***** MATERIAL PROVIDED *****
lemma outer_mult:
  assumes "dim_vec b = n" "dim_vec c = n"
  shows "outer a b * outer c d = (c \<bullet>c b) \<cdot>\<^sub>m outer a d"
proof (rule eq_matI)
  fix i j assume "i < dim_row ((c \<bullet>c b) \<cdot>\<^sub>m outer a d)" "j < dim_col ((c \<bullet>c b) \<cdot>\<^sub>m outer a d)"
  then have ij: "i < dim_vec a" "j < dim_vec d" by (auto simp: outer_def)
  have "(outer a b * outer c d) $$ (i, j) = (\<Sum>k\<in>{0..<n}. a $ i * cnj (b $ k) * (c $ k * cnj (d $ j)))"
    using ij assms by (simp add: outer_def scalar_prod_def)
  also have "\<dots> = (\<Sum>k\<in>{0..<n}. c $ k * cnj (b $ k)) * (a $ i * cnj (d $ j))"
    by (simp add: sum_distrib_left sum_distrib_right mult_ac)
  also have "\<dots> = ((c \<bullet>c b) \<cdot>\<^sub>m outer a d) $$ (i, j)"
    using ij assms by (simp add: outer_def scalar_prod_def)
  finally show "(outer a b * outer c d) $$ (i, j) = ((c \<bullet>c b) \<cdot>\<^sub>m outer a d) $$ (i, j)" .
qed (auto simp: outer_def)

lemma ketbra_carrier [simp]: "ketbra v \<in> carrier_mat (dim_vec v) (dim_vec v)"
  by (simp add: ketbra_def)

lemma ketbra_sandwich:
  assumes "dim_vec \<phi> = n" "dim_vec \<psi> = n"
  shows "ketbra \<phi> * ketbra \<psi> * ketbra \<phi> = ((\<psi> \<bullet>c \<phi>) * (\<phi> \<bullet>c \<psi>)) \<cdot>\<^sub>m ketbra \<phi>"
proof -
  have "outer \<phi> \<psi> \<in> carrier_mat n n" "outer \<phi> \<phi> \<in> carrier_mat n n"
    using assms outer_carrier by metis+
  then have "ketbra \<phi> * ketbra \<psi> * ketbra \<phi> = (\<psi> \<bullet>c \<phi>) \<cdot>\<^sub>m (outer \<phi> \<psi> * outer \<phi> \<phi>)"
    using outer_mult[OF assms, of \<phi> \<psi>] assms by (simp add: ketbra_eq_outer mult_smult_assoc_mat)
  also have "outer \<phi> \<psi> * outer \<phi> \<phi> = (\<phi> \<bullet>c \<psi>) \<cdot>\<^sub>m outer \<phi> \<phi>"
    using assms by (intro outer_mult) auto
  finally show ?thesis by (simp add: ketbra_eq_outer smult_smult_mat)
qed

lemma pure_kron_sandwich:
  assumes \<phi>: "\<phi> \<in> carrier_vec n" "\<phi> \<bullet>c \<phi> = 1" and \<psi>: "\<psi> \<in> carrier_vec n"
    and \<sigma>: "\<sigma> \<in> carrier_mat d d"
  shows "kron (ketbra \<phi>) \<sigma> * kron (ketbra \<psi>) \<sigma> * kron (ketbra \<phi>) \<sigma> =
    ((\<psi> \<bullet>c \<phi>) * (\<phi> \<bullet>c \<psi>)) \<cdot>\<^sub>m (kron (ketbra \<phi>) \<sigma> * kron (ketbra \<phi>) \<sigma> * kron (ketbra \<phi>) \<sigma>)"
proof -
  have k: "ketbra \<phi> \<in> carrier_mat n n" "ketbra \<psi> \<in> carrier_mat n n"
    using \<phi> \<psi> ketbra_carrier by (metis carrier_vecD)+
  have "ketbra \<phi> * ketbra \<phi> * ketbra \<phi> = ketbra \<phi>"
    using ketbra_sandwich[of \<phi> n \<phi>] \<phi> by simp
  then show ?thesis
    using ketbra_sandwich[of \<phi> n \<psi>] \<phi> \<psi> kron_sandwich[OF k(1,2) \<sigma>] kron_sandwich[OF k(1,1) \<sigma>]
    by (simp add: kron_smult)
qed

lemma unitary_conj_mult:
  fixes U A B :: "complex mat"
  assumes U: "U \<in> carrier_mat n n" "mat_adjoint U * U = 1\<^sub>m n"
    and A: "A \<in> carrier_mat n n" and B: "B \<in> carrier_mat n n"
  shows "(U * A * mat_adjoint U) * (U * B * mat_adjoint U) = U * (A * B) * mat_adjoint U"
proof -
  have U': "mat_adjoint U \<in> carrier_mat n n" using U by simp
  have "(U * A * mat_adjoint U) * (U * B * mat_adjoint U) =
      U * (A * (mat_adjoint U * (U * (B * mat_adjoint U))))"
    using U U' A B by (simp add: assoc_mult_mat[of _ n n _ n _ n])
  also have "mat_adjoint U * (U * (B * mat_adjoint U)) = (mat_adjoint U * U) * (B * mat_adjoint U)"
    using assoc_mult_mat[OF U' U(1) mult_carrier_mat[OF B U']] by simp
  also have "\<dots> = B * mat_adjoint U"
    using U(2) B U' by simp
  also have "U * (A * (B * mat_adjoint U)) = U * (A * B) * mat_adjoint U"
    using U U' A B by (simp add: assoc_mult_mat[of _ n n _ n _ n])
  finally show ?thesis .
qed

lemma unitary_conj_sandwich:
  fixes U K L :: "complex mat"
  assumes U: "U \<in> carrier_mat n n" "mat_adjoint U * U = 1\<^sub>m n"
    and K: "K \<in> carrier_mat n n" and L: "L \<in> carrier_mat n n"
    and KLK: "K * L * K = c \<cdot>\<^sub>m (K * K * K)"
  shows "(U * K * mat_adjoint U) * (U * L * mat_adjoint U) * (U * K * mat_adjoint U) =
    c \<cdot>\<^sub>m ((U * K * mat_adjoint U) * (U * K * mat_adjoint U) * (U * K * mat_adjoint U))"
proof -
  have U': "mat_adjoint U \<in> carrier_mat n n" using U by simp
  have K3: "K * K * K \<in> carrier_mat n n" using K by simp
  have "(U * K * mat_adjoint U) * (U * L * mat_adjoint U) * (U * K * mat_adjoint U) =
      U * (K * L * K) * mat_adjoint U"
    using unitary_conj_mult[OF U K L] unitary_conj_mult[OF U mult_carrier_mat[OF K L] K] by simp
  also have "\<dots> = c \<cdot>\<^sub>m (U * (K * K * K) * mat_adjoint U)"
    unfolding KLK using mult_smult_distrib[OF U(1) K3] mult_smult_assoc_mat[OF mult_carrier_mat[OF U(1) K3] U']
    by simp
  also have "U * (K * K * K) * mat_adjoint U =
      (U * K * mat_adjoint U) * (U * K * mat_adjoint U) * (U * K * mat_adjoint U)"
    using unitary_conj_mult[OF U K K] unitary_conj_mult[OF U mult_carrier_mat[OF K K] K] by simp
  finally show ?thesis .
qed

section \<open>Essentially pure sets\<close>

lemma density_op_neq_0: "density_op n \<omega> \<Longrightarrow> \<omega> \<noteq> 0\<^sub>m n n"
  by (auto simp: density_op_def mtrace_def)

lemma essentially_pure_sandwich:
  assumes ep: "essentially_pure n \<M>"
    and \<rho>: "\<rho> \<in> \<M>" "\<rho> \<in> carrier_mat n n" and \<rho>': "\<rho>' \<in> \<M>" "\<rho>' \<in> carrier_mat n n"
  shows "\<exists>c. \<rho> * \<rho>' * \<rho> = c \<cdot>\<^sub>m (\<rho> * \<rho> * \<rho>)"
proof -
  obtain dC dA dB \<sigma> \<omega> U where \<sigma>: "density_op dB \<sigma>" and \<omega>: "density_op dC \<omega>"
    and U: "unitary_op (dA * dB) U"
    and pure: "\<forall>\<rho> \<in> \<M>. \<exists>\<phi> \<in> carrier_vec dA. \<phi> \<bullet>c \<phi> = 1 \<and>
      kron \<rho> \<omega> = U * kron (ketbra \<phi>) \<sigma> * mat_adjoint U"
    using ep unfolding essentially_pure_def by blast
  obtain \<phi> where \<phi>: "\<phi> \<in> carrier_vec dA" "\<phi> \<bullet>c \<phi> = 1"
    and \<rho>_eq: "kron \<rho> \<omega> = U * kron (ketbra \<phi>) \<sigma> * mat_adjoint U"
    using pure \<rho>(1) by blast
  obtain \<psi> where \<psi>: "\<psi> \<in> carrier_vec dA"
    and \<rho>'_eq: "kron \<rho>' \<omega> = U * kron (ketbra \<psi>) \<sigma> * mat_adjoint U"
    using pure \<rho>'(1) by blast
  have \<sigma>c: "\<sigma> \<in> carrier_mat dB dB" using \<sigma> by (simp add: density_op_def)
  have \<omega>c: "\<omega> \<in> carrier_mat dC dC" and \<omega>h: "mat_adjoint \<omega> = \<omega>" using \<omega> by (simp_all add: density_op_def)
  have k: "ketbra \<phi> \<in> carrier_mat dA dA" "ketbra \<psi> \<in> carrier_mat dA dA"
    using \<phi> \<psi> ketbra_carrier by (metis carrier_vecD)+
  define c where "c = (\<psi> \<bullet>c \<phi>) * (\<phi> \<bullet>c \<psi>)"
  have U: "U \<in> carrier_mat (dA * dB) (dA * dB)" "mat_adjoint U * U = 1\<^sub>m (dA * dB)"
    using U by (simp_all add: unitary_op_def)
  have "kron (\<rho> * \<rho>' * \<rho>) (\<omega> * \<omega> * \<omega>) = kron \<rho> \<omega> * kron \<rho>' \<omega> * kron \<rho> \<omega>"
    by (rule kron_sandwich[OF \<rho>(2) \<rho>'(2) \<omega>c, symmetric])
  also have "\<dots> = c \<cdot>\<^sub>m (kron \<rho> \<omega> * kron \<rho> \<omega> * kron \<rho> \<omega>)"
    unfolding \<rho>_eq \<rho>'_eq
    by (rule unitary_conj_sandwich[OF U kron_carrier[OF k(1) \<sigma>c] kron_carrier[OF k(2) \<sigma>c]])
      (unfold c_def, rule pure_kron_sandwich[OF \<phi> \<psi> \<sigma>c])
  also have "kron \<rho> \<omega> * kron \<rho> \<omega> * kron \<rho> \<omega> = kron (\<rho> * \<rho> * \<rho>) (\<omega> * \<omega> * \<omega>)"
    by (rule kron_sandwich[OF \<rho>(2) \<rho>(2) \<omega>c])
  finally have "kron (\<rho> * \<rho>' * \<rho>) (\<omega> * \<omega> * \<omega>) = c \<cdot>\<^sub>m kron (\<rho> * \<rho> * \<rho>) (\<omega> * \<omega> * \<omega>)" .
  moreover have "\<omega> * \<omega> * \<omega> \<noteq> 0\<^sub>m dC dC"
    using hermitian_cube_neq_0[OF \<omega>c \<omega>h density_op_neq_0[OF \<omega>]] .
  moreover have "\<rho> * \<rho>' * \<rho> \<in> carrier_mat n n" "\<rho> * \<rho> * \<rho> \<in> carrier_mat n n"
    "\<omega> * \<omega> * \<omega> \<in> carrier_mat dC dC"
    using \<rho>(2) \<rho>'(2) \<omega>c by (meson mult_carrier_mat)+
  ultimately have "\<rho> * \<rho>' * \<rho> = c \<cdot>\<^sub>m (\<rho> * \<rho> * \<rho>)"
    using kron_eq_smult_kron_cancel by blast
  then show ?thesis ..
qed

section \<open>Supports and Jordan angles of projection ranges\<close>

definition fixed_space :: "nat \<Rightarrow> complex mat \<Rightarrow> complex vec set" where
  "fixed_space n P = {v \<in> carrier_vec n. P *\<^sub>v v = v}"

lemma supp_eq_fixed_space:
  fixes \<rho> P A :: "complex mat"
  assumes \<rho>: "\<rho> \<in> carrier_mat n n" and P: "P \<in> carrier_mat n n" and A: "A \<in> carrier_mat n n"
    and herm: "mat_adjoint P = P" and \<rho>P: "\<rho> * P = \<rho>" and A\<rho>: "A * \<rho> = P"
  shows "supp \<rho> = fixed_space n P"
proof (intro equalityI subsetI)
  fix v assume "v \<in> supp \<rho>"
  then have v: "v \<in> carrier_vec n" and orth: "\<And>w. w \<in> mat_kernel \<rho> \<Longrightarrow> v \<bullet>c w = 0"
    unfolding supp_def using \<rho> by auto
  define w where "w = v - P *\<^sub>v v"
  have Pv: "P *\<^sub>v v \<in> carrier_vec n" and w: "w \<in> carrier_vec n" using P v by (simp_all add: w_def)
  have "\<rho> *\<^sub>v w = \<rho> *\<^sub>v v - (\<rho> * P) *\<^sub>v v"
    unfolding w_def using \<rho> P v by (simp add: mult_minus_distrib_mat_vec assoc_mult_mat_vec)
  then have "\<rho> *\<^sub>v w = 0\<^sub>v n" using \<rho> v \<rho>P by simp
  then have "v \<bullet>c w = 0" using orth \<rho> w by (simp add: mat_kernelI)
  have "P * P = P" using \<rho>P A\<rho> A \<rho> P by (metis assoc_mult_mat)
  then have "P *\<^sub>v w = 0\<^sub>v n"
    unfolding w_def using P v by (simp add: mult_minus_distrib_mat_vec assoc_mult_mat_vec[symmetric])
  then have "(P *\<^sub>v v) \<bullet>c w = 0"
    using mat_adjoint_scalar_prod[OF P v w] herm v by simp
  have "w \<bullet>c w = v \<bullet>c w - (P *\<^sub>v v) \<bullet>c w"
    unfolding w_def using v Pv w by (simp add: minus_scalar_prod_distrib[of _ n])
  then have "w = 0\<^sub>v n" using \<open>v \<bullet>c w = 0\<close> \<open>(P *\<^sub>v v) \<bullet>c w = 0\<close> w by simp
  have "P *\<^sub>v v = v"
  proof (rule eq_vecI)
    fix i assume i: "i < dim_vec v"
    then have "w $ i = 0" using \<open>w = 0\<^sub>v n\<close> v by simp
    then show "(P *\<^sub>v v) $ i = v $ i" using i v P unfolding w_def by simp
  qed (use P v in simp)
  with v show "v \<in> fixed_space n P" by (simp add: fixed_space_def)
next
  fix v assume "v \<in> fixed_space n P"
  then have v: "v \<in> carrier_vec n" and Pv: "P *\<^sub>v v = v" by (auto simp: fixed_space_def)
  have "v \<bullet>c w = 0" if "w \<in> mat_kernel \<rho>" for w
  proof -
    have w: "w \<in> carrier_vec n" and \<rho>w: "\<rho> *\<^sub>v w = 0\<^sub>v n"
      using that \<rho> unfolding mat_kernel_def by auto
    have "v \<bullet>c w = v \<bullet>c (mat_adjoint P *\<^sub>v w)"
      using mat_adjoint_scalar_prod[OF P v w] Pv by simp
    also have "mat_adjoint P *\<^sub>v w = A *\<^sub>v (\<rho> *\<^sub>v w)"
      using herm A\<rho> A \<rho> w by (metis assoc_mult_mat_vec)
    also have "\<dots> = 0\<^sub>v n"
      unfolding \<rho>w using A by (intro eq_vecI) auto
    finally show ?thesis using v by simp
  qed
  with v \<rho> show "v \<in> supp \<rho>" by (simp add: supp_def)
qed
*****
- **PROBLEM REQUIREMENTS**
An exact copy of the lines above, from the one containing "ketbra \<phi> = ketbra" down to the one containing "using K by simp" and including both, is the whole answer; retype it and nothing else.

- **ANSWER SPACE**
  have "ketbra \<phi> * ketbra \<phi> * ketbra \<phi> = ketbra \<phi>"
    using ketbra_sandwich[of \<phi> n \<phi>] \<phi> by simp
  then show ?thesis
    using ketbra_sandwich[of \<phi> n \<psi>] \<phi> \<psi> kron_sandwich[OF k(1,2) \<sigma>] kron_sandwich[OF k(1,1) \<sigma>]
    by (simp add: kron_smult)
qed

lemma unitary_conj_mult:
  fixes U A B :: "complex mat"
  assumes U: "U \<in> carrier_mat n n" "mat_adjoint U * U = 1\<^sub>m n"
    and A: "A \<in> carrier_mat n n" and B: "B \<in> carrier_mat n n"
  shows "(U * A * mat_adjoint U) * (U * B * mat_adjoint U) = U * (A * B) * mat_adjoint U"
proof -
  have U': "mat_adjoint U \<in> carrier_mat n n" using U by simp
  have "(U * A * mat_adjoint U) * (U * B * mat_adjoint U) =
      U * (A * (mat_adjoint U * (U * (B * mat_adjoint U))))"
    using U U' A B by (simp add: assoc_mult_mat[of _ n n _ n _ n])
  also have "mat_adjoint U * (U * (B * mat_adjoint U)) = (mat_adjoint U * U) * (B * mat_adjoint U)"
    using assoc_mult_mat[OF U' U(1) mult_carrier_mat[OF B U']] by simp
  also have "\<dots> = B * mat_adjoint U"
    using U(2) B U' by simp
  also have "U * (A * (B * mat_adjoint U)) = U * (A * B) * mat_adjoint U"
    using U U' A B by (simp add: assoc_mult_mat[of _ n n _ n _ n])
  finally show ?thesis .
qed

lemma unitary_conj_sandwich:
  fixes U K L :: "complex mat"
  assumes U: "U \<in> carrier_mat n n" "mat_adjoint U * U = 1\<^sub>m n"
    and K: "K \<in> carrier_mat n n" and L: "L \<in> carrier_mat n n"
    and KLK: "K * L * K = c \<cdot>\<^sub>m (K * K * K)"
  shows "(U * K * mat_adjoint U) * (U * L * mat_adjoint U) * (U * K * mat_adjoint U) =
    c \<cdot>\<^sub>m ((U * K * mat_adjoint U) * (U * K * mat_adjoint U) * (U * K * mat_adjoint U))"
proof -
  have U': "mat_adjoint U \<in> carrier_mat n n" using U by simp
  have K3: "K * K * K \<in> carrier_mat n n" using K by simp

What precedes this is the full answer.